Even with some Senators on the panel expressing skepticism, or at least a lack of enthusiasm, about a revived JCPOA, more Israeli former senior security officials are acknowledging that a revived deal is better for Israel than the alternative.
Noting an IAEA report this month that Iran had amassed a 42 kilogram stockpile of uranium enriched up to 60%, a former Israeli military intelligence director said reviving the Iran nuclear pact would buy time.
“My conclusion is that in the reality of here and now, reaching a deal is the right thing,” former Israeli Military Intelligence Director Maj.
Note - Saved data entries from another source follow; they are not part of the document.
(* If $A$ is a uniform Kan complex, then the canonical map $p:A^{\mathrm{I}}\to A\times A$ admits the structure of a uniform Kan fibration.
   Context: Let $\mathbb{B}$ be the category of finite sets $[n]=\{\bot,x_1,\dots,x_n,\top\}$ ($n\ge0$, $\bot\ne\top$) and functions preserving $\bot,\top$; cartesian cubical sets are presheaves on $\mathbb{B}^{op}$. $\mathrm{I}^n$ is the representable on $[n]$, $\mathrm{I}^n\cong\mathrm{I}\times\dots\times\mathrm{I}$, $\mathrm{I}=\mathrm{I}^1$; the two maps $[1]\to[0]$ give endpoints $0,1:1\to\mathrm{I}$, and $p:A^{\mathrm{I}}\to A^{\partial\mathrm{I}}\cong A\times A$ is induced by the copairing $\partial\mathrm{I}=1+1\to\mathrm{I}$. For $1\le i\le n$, $d\in\{0,1\}$, the face $\alpha_i^d:\mathrm{I}^{n-1}\to\mathrm{I}^n$ inserts $d$ in coordinate $i$; for $e\in\{0,1\}$ the open box $\sqcup^n_e\rightarrowtail\mathrm{I}^n$ is the union of the images of all faces $\alpha_i^d$ with $(i,d)\ne(1,e)$, with inclusion $i^n_e$. A uniform Kan fibration structure on $f:Y\to X$ consists of, for each $n\ge1$, $e\in\{0,1\}$, $k\ge1$ and each commutative square $b:\mathrm{I}^k\times\sqcup^n_e\to Y$, $a:\mathrm{I}^k\times\mathrm{I}^n\to X$ with $fb=a(1\times i^n_e)$, a chosen filler $\phi(a,b):\mathrm{I}^k\times\mathrm{I}^n\to Y$ with $\phi(a,b)(1\times i^n_e)=b$ and $f\phi(a,b)=a$, such that $\phi(a,b)\circ(\alpha\times1)=\phi(a(\alpha\times1),b(\alpha\times1))$ for all $\alpha:\mathrm{I}^j\to\mathrm{I}^k$ ($j\ge1$). A uniform Kan complex is a cubical set $A$ with a uniform Kan fibration structure on $A\to1$. *)

theory Defs
  imports Main
begin

section \<open>The category B of bipointed finite sets\<close>

text \<open>The object [n] = {bot, x_1, ..., x_n, top}; points are encoded by pt.\<close>
datatype pt = Bot | Top | Var nat

definition pts :: "nat \<Rightarrow> pt set" where
  "pts n = {Bot, Top} \<union> Var ` {1..n}"

definition hom :: "nat \<Rightarrow> nat \<Rightarrow> (pt \<Rightarrow> pt) set" where
  "hom n m = {f. f Bot = Bot \<and> f Top = Top \<and> (\<forall>x\<in>pts n. f x \<in> pts m)
                 \<and> (\<forall>x. x \<notin> pts n \<longrightarrow> f x = Bot)}"

definition idB :: "nat \<Rightarrow> pt \<Rightarrow> pt" where
  "idB n = (\<lambda>x. if x \<in> pts n then x else Bot)"

definition endpt :: "bool \<Rightarrow> pt" where
  "endpt d = (if d then Top else Bot)"

section \<open>Cartesian cubical sets = functors B -> Set (presheaves on B^op)\<close>

record 'a cset =
  cells :: "nat \<Rightarrow> 'a set"
  act :: "nat \<Rightarrow> nat \<Rightarrow> (pt \<Rightarrow> pt) \<Rightarrow> 'a \<Rightarrow> 'a"

definition is_cset :: "'a cset \<Rightarrow> bool" where
  "is_cset X \<longleftrightarrow>
     (\<forall>n m f x. f \<in> hom n m \<longrightarrow> x \<in> cells X n \<longrightarrow> act X n m f x \<in> cells X m) \<and>
     (\<forall>n x. x \<in> cells X n \<longrightarrow> act X n n (idB n) x = x) \<and>
     (\<forall>n m l f g x. f \<in> hom n m \<longrightarrow> g \<in> hom m l \<longrightarrow> x \<in> cells X n \<longrightarrow>
        act X m l g (act X n m f x) = act X n l (g \<circ> f) x)"

definition is_cmap :: "'a cset \<Rightarrow> 'b cset \<Rightarrow> (nat \<Rightarrow> 'a \<Rightarrow> 'b) \<Rightarrow> bool" where
  "is_cmap X Y F \<longleftrightarrow>
     (\<forall>n x. x \<in> cells X n \<longrightarrow> F n x \<in> cells Y n) \<and>
     (\<forall>n m f x. f \<in> hom n m \<longrightarrow> x \<in> cells X n \<longrightarrow>
        F m (act X n m f x) = act Y n m f (F n x))"

text \<open>A map from a subpresheaf S of the representable I^N (= y[N], with
  I^N([m]) = hom N m, action by postcomposition) into Y, stored extensionally
  (undefined outside S).\<close>
definition is_sub_map :: "nat \<Rightarrow> (nat \<Rightarrow> (pt \<Rightarrow> pt) set) \<Rightarrow> 'y cset
    \<Rightarrow> (nat \<Rightarrow> (pt \<Rightarrow> pt) \<Rightarrow> 'y) \<Rightarrow> bool" where
  "is_sub_map N S Y b \<longleftrightarrow>
     (\<forall>m u. u \<in> S m \<longrightarrow> b m u \<in> cells Y m) \<and>
     (\<forall>m l u g. u \<in> S m \<longrightarrow> g \<in> hom m l \<longrightarrow> b l (g \<circ> u) = act Y m l g (b m u))"

definition extensional_on :: "(nat \<Rightarrow> (pt \<Rightarrow> pt) set) \<Rightarrow> (nat \<Rightarrow> (pt \<Rightarrow> pt) \<Rightarrow> 'y) \<Rightarrow> bool" where
  "extensional_on S b \<longleftrightarrow> (\<forall>m u. u \<notin> S m \<longrightarrow> b m u = undefined)"

text \<open>The full cube I^k x I^n = I^(k+n) (first k coordinates: I^k).\<close>
definition fullcube :: "nat \<Rightarrow> nat \<Rightarrow> nat \<Rightarrow> (pt \<Rightarrow> pt) set" where
  "fullcube k n m = hom (k + n) m"

text \<open>I^k x (open box) inside I^(k+n): union of the faces x_(k+i) = d of
  I^(k+n), 1 <= i <= n, (i,d) \<noteq> (1,e).\<close>
definition boxset :: "nat \<Rightarrow> nat \<Rightarrow> bool \<Rightarrow> nat \<Rightarrow> (pt \<Rightarrow> pt) set" where
  "boxset k n e m = {u \<in> hom (k + n) m.
      \<exists>i\<in>{1..n}. \<exists>d. (i, d) \<noteq> (1, e) \<and> u (Var (k + i)) = endpt d}"

text \<open>For g : [k] -> [j] in B (i.e. alpha : I^j -> I^k), the B-map
  [k+n] -> [j+n] inducing alpha x 1 : I^j x I^n -> I^k x I^n.\<close>
definition liftB :: "nat \<Rightarrow> nat \<Rightarrow> nat \<Rightarrow> (pt \<Rightarrow> pt) \<Rightarrow> pt \<Rightarrow> pt" where
  "liftB k j n g = (\<lambda>x. case x of Bot \<Rightarrow> Bot | Top \<Rightarrow> Top
      | Var i \<Rightarrow> if 1 \<le> i \<and> i \<le> k then g (Var i)
                 else if k < i \<and> i \<le> k + n then Var (i - k + j) else Bot)"

definition pullback_along :: "(nat \<Rightarrow> (pt \<Rightarrow> pt) set) \<Rightarrow> (pt \<Rightarrow> pt)
    \<Rightarrow> (nat \<Rightarrow> (pt \<Rightarrow> pt) \<Rightarrow> 'y) \<Rightarrow> nat \<Rightarrow> (pt \<Rightarrow> pt) \<Rightarrow> 'y" where
  "pullback_along S h b = (\<lambda>m u. if u \<in> S m then b m (u \<circ> h) else undefined)"

definition kan_square :: "'y cset \<Rightarrow> 'x cset \<Rightarrow> (nat \<Rightarrow> 'y \<Rightarrow> 'x) \<Rightarrow> nat \<Rightarrow> nat \<Rightarrow> bool
    \<Rightarrow> (nat \<Rightarrow> (pt \<Rightarrow> pt) \<Rightarrow> 'x) \<Rightarrow> (nat \<Rightarrow> (pt \<Rightarrow> pt) \<Rightarrow> 'y) \<Rightarrow> bool" where
  "kan_square Y X F k n e a b \<longleftrightarrow>
     is_sub_map (k + n) (fullcube k n) X a \<and> extensional_on (fullcube k n) a \<and>
     is_sub_map (k + n) (boxset k n e) Y b \<and> extensional_on (boxset k n e) b \<and>
     (\<forall>m u. u \<in> boxset k n e m \<longrightarrow> F m (b m u) = a m u)"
Gen. (Res.) Tamir Hayman told Israel Hayom newspaper in an interview published May 25.
A revived nuclear agreement “would diminish… the amount of enriched uranium Iran has; it would set it back and it would buy [us] a very long time because enrichment takes a long time,” Hayman, the new head of the Israeli INSS think tank, said.
“So no Deal policies have not only failed to tighten the lid on Iran's nuclear program, it lifted them entirely,” Sen. Ed Markey (D-Massachusetts) said. “…We know that military action will fail to stop the Iranian nuclear weapon. It may very well spur it to cross the threshold.”
“So for me, it's a cut and dried case of why a deal, while imperfect, is far superior to no deal,” Markey continued. “The IAEA inspections and monitoring of Iran's facilities will be lost completely without a deal. We will be left in the dark about Iran's breakout time.”
“That fog will lead to calls for military action by the United States or its allies against Iran, which if taken would at best temporarily derail Iran's nuclear program and more likely put American troops into harm's way in the Middle East, perhaps sparking an all out Middle Eastern war,” Markey continued. “We can ill afford to stumble into yet another conflict in the Middle East.”
Sen. Tim Kaine, a Virginia Democrat, advised Malley and the Biden administration to ignore hawks urging them to walk away from the talks, do their best on getting a revived deal, and then turn it over to Congress to review under the 2015 INARA legislation.
“I want to encourage you to just keep the dialogue going,” Kaine told Malley. “There are some on this committee who are basically telling you stop dialogue right now. Don't accept that advice. Do your best…, bring it to Congress and let Congress own it…whether the U.S. is pro diplomacy or not.”